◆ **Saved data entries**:
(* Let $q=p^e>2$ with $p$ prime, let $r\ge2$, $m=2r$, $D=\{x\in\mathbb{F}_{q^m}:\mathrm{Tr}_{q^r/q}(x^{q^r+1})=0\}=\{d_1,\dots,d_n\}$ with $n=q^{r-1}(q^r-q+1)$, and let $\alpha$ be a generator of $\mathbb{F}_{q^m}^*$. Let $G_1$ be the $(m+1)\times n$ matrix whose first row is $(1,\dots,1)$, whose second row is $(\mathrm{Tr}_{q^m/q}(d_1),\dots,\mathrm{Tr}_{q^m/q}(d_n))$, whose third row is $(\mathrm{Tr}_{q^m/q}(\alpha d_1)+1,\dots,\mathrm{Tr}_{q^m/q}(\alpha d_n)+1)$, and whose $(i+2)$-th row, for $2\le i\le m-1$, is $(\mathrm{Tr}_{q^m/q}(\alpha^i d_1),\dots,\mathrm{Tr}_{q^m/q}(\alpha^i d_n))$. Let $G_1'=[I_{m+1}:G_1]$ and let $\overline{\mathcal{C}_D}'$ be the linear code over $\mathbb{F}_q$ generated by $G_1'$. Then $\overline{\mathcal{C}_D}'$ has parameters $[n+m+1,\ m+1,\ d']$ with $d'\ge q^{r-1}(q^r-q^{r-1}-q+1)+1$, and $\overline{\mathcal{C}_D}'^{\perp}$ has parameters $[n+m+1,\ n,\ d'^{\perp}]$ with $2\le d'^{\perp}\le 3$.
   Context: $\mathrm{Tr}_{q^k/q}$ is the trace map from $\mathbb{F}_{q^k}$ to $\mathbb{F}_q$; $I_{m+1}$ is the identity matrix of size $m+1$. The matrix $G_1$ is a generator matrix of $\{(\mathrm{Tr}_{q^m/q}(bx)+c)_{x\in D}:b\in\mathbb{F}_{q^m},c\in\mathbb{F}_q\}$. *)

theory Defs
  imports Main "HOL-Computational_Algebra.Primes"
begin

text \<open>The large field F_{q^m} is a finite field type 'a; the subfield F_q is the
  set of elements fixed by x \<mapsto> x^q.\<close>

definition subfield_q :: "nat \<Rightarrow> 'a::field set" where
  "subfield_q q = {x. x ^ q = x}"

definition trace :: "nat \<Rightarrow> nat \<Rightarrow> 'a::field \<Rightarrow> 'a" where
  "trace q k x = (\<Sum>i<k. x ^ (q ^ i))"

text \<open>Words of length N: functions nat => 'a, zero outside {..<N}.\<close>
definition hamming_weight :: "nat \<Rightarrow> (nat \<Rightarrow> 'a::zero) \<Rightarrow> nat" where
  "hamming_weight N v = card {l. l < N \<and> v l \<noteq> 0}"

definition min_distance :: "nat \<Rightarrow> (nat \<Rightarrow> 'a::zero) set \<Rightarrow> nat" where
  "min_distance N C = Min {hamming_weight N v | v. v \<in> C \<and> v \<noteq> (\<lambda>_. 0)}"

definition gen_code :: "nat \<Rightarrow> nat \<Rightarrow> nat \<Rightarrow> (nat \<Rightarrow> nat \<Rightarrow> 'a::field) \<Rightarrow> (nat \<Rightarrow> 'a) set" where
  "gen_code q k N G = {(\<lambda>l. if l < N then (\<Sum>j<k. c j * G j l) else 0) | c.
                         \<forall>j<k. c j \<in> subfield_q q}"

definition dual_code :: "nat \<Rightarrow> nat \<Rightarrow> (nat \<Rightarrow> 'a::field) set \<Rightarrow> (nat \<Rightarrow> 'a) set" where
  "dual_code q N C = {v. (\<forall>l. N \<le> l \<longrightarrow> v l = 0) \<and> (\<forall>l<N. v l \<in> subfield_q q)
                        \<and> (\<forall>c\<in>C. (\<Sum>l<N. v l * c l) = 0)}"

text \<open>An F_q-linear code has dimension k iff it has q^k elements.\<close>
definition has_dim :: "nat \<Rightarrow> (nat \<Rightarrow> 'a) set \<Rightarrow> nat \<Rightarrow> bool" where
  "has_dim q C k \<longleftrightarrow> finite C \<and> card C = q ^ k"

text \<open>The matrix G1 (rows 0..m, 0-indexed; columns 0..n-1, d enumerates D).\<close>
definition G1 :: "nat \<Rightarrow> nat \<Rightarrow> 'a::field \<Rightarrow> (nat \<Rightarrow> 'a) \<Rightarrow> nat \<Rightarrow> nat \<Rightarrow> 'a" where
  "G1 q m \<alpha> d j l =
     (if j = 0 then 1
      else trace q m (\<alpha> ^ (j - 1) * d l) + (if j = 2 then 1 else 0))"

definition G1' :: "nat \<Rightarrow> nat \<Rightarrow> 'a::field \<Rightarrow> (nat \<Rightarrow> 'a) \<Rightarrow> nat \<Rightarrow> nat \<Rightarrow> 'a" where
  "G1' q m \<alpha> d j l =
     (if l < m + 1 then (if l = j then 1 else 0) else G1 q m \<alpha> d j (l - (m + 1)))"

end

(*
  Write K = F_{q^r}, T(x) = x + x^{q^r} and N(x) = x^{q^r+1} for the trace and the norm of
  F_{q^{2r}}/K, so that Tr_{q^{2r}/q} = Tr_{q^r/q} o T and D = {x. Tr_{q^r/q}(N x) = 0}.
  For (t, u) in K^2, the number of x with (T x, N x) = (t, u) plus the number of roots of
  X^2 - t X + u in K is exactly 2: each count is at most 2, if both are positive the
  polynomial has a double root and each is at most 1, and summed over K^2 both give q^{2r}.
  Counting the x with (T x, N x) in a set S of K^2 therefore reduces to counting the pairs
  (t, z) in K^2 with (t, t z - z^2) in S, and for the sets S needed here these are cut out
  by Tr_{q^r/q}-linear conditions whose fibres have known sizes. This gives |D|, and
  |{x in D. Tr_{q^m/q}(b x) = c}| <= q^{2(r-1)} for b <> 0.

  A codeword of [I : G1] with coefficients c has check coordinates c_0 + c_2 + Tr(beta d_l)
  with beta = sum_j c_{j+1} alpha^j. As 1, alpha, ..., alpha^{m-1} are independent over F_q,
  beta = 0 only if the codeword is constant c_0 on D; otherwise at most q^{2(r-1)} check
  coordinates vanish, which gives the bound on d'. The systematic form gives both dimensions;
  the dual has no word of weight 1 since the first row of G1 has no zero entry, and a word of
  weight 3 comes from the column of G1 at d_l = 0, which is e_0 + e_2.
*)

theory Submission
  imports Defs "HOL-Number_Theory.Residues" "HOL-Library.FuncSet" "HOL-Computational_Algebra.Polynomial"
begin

◆ **EXERCISE PROMPT**:
Once the records end, copy them all again exactly.

◆ **TASK OUTPUT**:
(* Let $q=p^e>2$ with $p$ prime, let $r\ge2$, $m=2r$, $D=\{x\in\mathbb{F}_{q^m}:\mathrm{Tr}_{q^r/q}(x^{q^r+1})=0\}=\{d_1,\dots,d_n\}$ with $n=q^{r-1}(q^r-q+1)$, and let $\alpha$ be a generator of $\mathbb{F}_{q^m}^*$. Let $G_1$ be the $(m+1)\times n$ matrix whose first row is $(1,\dots,1)$, whose second row is $(\mathrm{Tr}_{q^m/q}(d_1),\dots,\mathrm{Tr}_{q^m/q}(d_n))$, whose third row is $(\mathrm{Tr}_{q^m/q}(\alpha d_1)+1,\dots,\mathrm{Tr}_{q^m/q}(\alpha d_n)+1)$, and whose $(i+2)$-th row, for $2\le i\le m-1$, is $(\mathrm{Tr}_{q^m/q}(\alpha^i d_1),\dots,\mathrm{Tr}_{q^m/q}(\alpha^i d_n))$. Let $G_1'=[I_{m+1}:G_1]$ and let $\overline{\mathcal{C}_D}'$ be the linear code over $\mathbb{F}_q$ generated by $G_1'$. Then $\overline{\mathcal{C}_D}'$ has parameters $[n+m+1,\ m+1,\ d']$ with $d'\ge q^{r-1}(q^r-q^{r-1}-q+1)+1$, and $\overline{\mathcal{C}_D}'^{\perp}$ has parameters $[n+m+1,\ n,\ d'^{\perp}]$ with $2\le d'^{\perp}\le 3$.
   Context: $\mathrm{Tr}_{q^k/q}$ is the trace map from $\mathbb{F}_{q^k}$ to $\mathbb{F}_q$; $I_{m+1}$ is the identity matrix of size $m+1$. The matrix $G_1$ is a generator matrix of $\{(\mathrm{Tr}_{q^m/q}(bx)+c)_{x\in D}:b\in\mathbb{F}_{q^m},c\in\mathbb{F}_q\}$. *)

theory Defs
  imports Main "HOL-Computational_Algebra.Primes"
begin

text \<open>The large field F_{q^m} is a finite field type 'a; the subfield F_q is the
  set of elements fixed by x \<mapsto> x^q.\<close>

definition subfield_q :: "nat \<Rightarrow> 'a::field set" where
  "subfield_q q = {x. x ^ q = x}"

definition trace :: "nat \<Rightarrow> nat \<Rightarrow> 'a::field \<Rightarrow> 'a" where
  "trace q k x = (\<Sum>i<k. x ^ (q ^ i))"

text \<open>Words of length N: functions nat => 'a, zero outside {..<N}.\<close>
definition hamming_weight :: "nat \<Rightarrow> (nat \<Rightarrow> 'a::zero) \<Rightarrow> nat" where
  "hamming_weight N v = card {l. l < N \<and> v l \<noteq> 0}"

definition min_distance :: "nat \<Rightarrow> (nat \<Rightarrow> 'a::zero) set \<Rightarrow> nat" where
  "min_distance N C = Min {hamming_weight N v | v. v \<in> C \<and> v \<noteq> (\<lambda>_. 0)}"

definition gen_code :: "nat \<Rightarrow> nat \<Rightarrow> nat \<Rightarrow> (nat \<Rightarrow> nat \<Rightarrow> 'a::field) \<Rightarrow> (nat \<Rightarrow> 'a) set" where
  "gen_code q k N G = {(\<lambda>l. if l < N then (\<Sum>j<k. c j * G j l) else 0) | c.
                         \<forall>j<k. c j \<in> subfield_q q}"

definition dual_code :: "nat \<Rightarrow> nat \<Rightarrow> (nat \<Rightarrow> 'a::field) set \<Rightarrow> (nat \<Rightarrow> 'a) set" where
  "dual_code q N C = {v. (\<forall>l. N \<le> l \<longrightarrow> v l = 0) \<and> (\<forall>l<N. v l \<in> subfield_q q)
                        \<and> (\<forall>c\<in>C. (\<Sum>l<N. v l * c l) = 0)}"

text \<open>An F_q-linear code has dimension k iff it has q^k elements.\<close>
definition has_dim :: "nat \<Rightarrow> (nat \<Rightarrow> 'a) set \<Rightarrow> nat \<Rightarrow> bool" where
  "has_dim q C k \<longleftrightarrow> finite C \<and> card C = q ^ k"

text \<open>The matrix G1 (rows 0..m, 0-indexed; columns 0..n-1, d enumerates D).\<close>
definition G1 :: "nat \<Rightarrow> nat \<Rightarrow> 'a::field \<Rightarrow> (nat \<Rightarrow> 'a) \<Rightarrow> nat \<Rightarrow> nat \<Rightarrow> 'a" where
  "G1 q m \<alpha> d j l =
     (if j = 0 then 1
      else trace q m (\<alpha> ^ (j - 1) * d l) + (if j = 2 then 1 else 0))"

definition G1' :: "nat \<Rightarrow> nat \<Rightarrow> 'a::field \<Rightarrow> (nat \<Rightarrow> 'a) \<Rightarrow> nat \<Rightarrow> nat \<Rightarrow> 'a" where
  "G1' q m \<alpha> d j l =
     (if l < m + 1 then (if l = j then 1 else 0) else G1 q m \<alpha> d j (l - (m + 1)))"

end

(*
  Write K = F_{q^r}, T(x) = x + x^{q^r} and N(x) = x^{q^r+1} for the trace and the norm of
  F_{q^{2r}}/K, so that Tr_{q^{2r}/q} = Tr_{q^r/q} o T and D = {x. Tr_{q^r/q}(N x) = 0}.
  For (t, u) in K^2, the number of x with (T x, N x) = (t, u) plus the number of roots of
  X^2 - t X + u in K is exactly 2: each count is at most 2, if both are positive the
  polynomial has a double root and each is at most 1, and summed over K^2 both give q^{2r}.
  Counting the x with (T x, N x) in a set S of K^2 therefore reduces to counting the pairs
  (t, z) in K^2 with (t, t z - z^2) in S, and for the sets S needed here these are cut out
  by Tr_{q^r/q}-linear conditions whose fibres have known sizes. This gives |D|, and
  |{x in D. Tr_{q^m/q}(b x) = c}| <= q^{2(r-1)} for b <> 0.

  A codeword of [I : G1] with coefficients c has check coordinates c_0 + c_2 + Tr(beta d_l)
  with beta = sum_j c_{j+1} alpha^j. As 1, alpha, ..., alpha^{m-1} are independent over F_q,
  beta = 0 only if the codeword is constant c_0 on D; otherwise at most q^{2(r-1)} check
  coordinates vanish, which gives the bound on d'. The systematic form gives both dimensions;
  the dual has no word of weight 1 since the first row of G1 has no zero entry, and a word of
  weight 3 comes from the column of G1 at d_l = 0, which is e_0 + e_2.
*)

theory Submission
  imports Defs "HOL-Number_Theory.Residues" "HOL-Library.FuncSet" "HOL-Computational_Algebra.Polynomial"
begin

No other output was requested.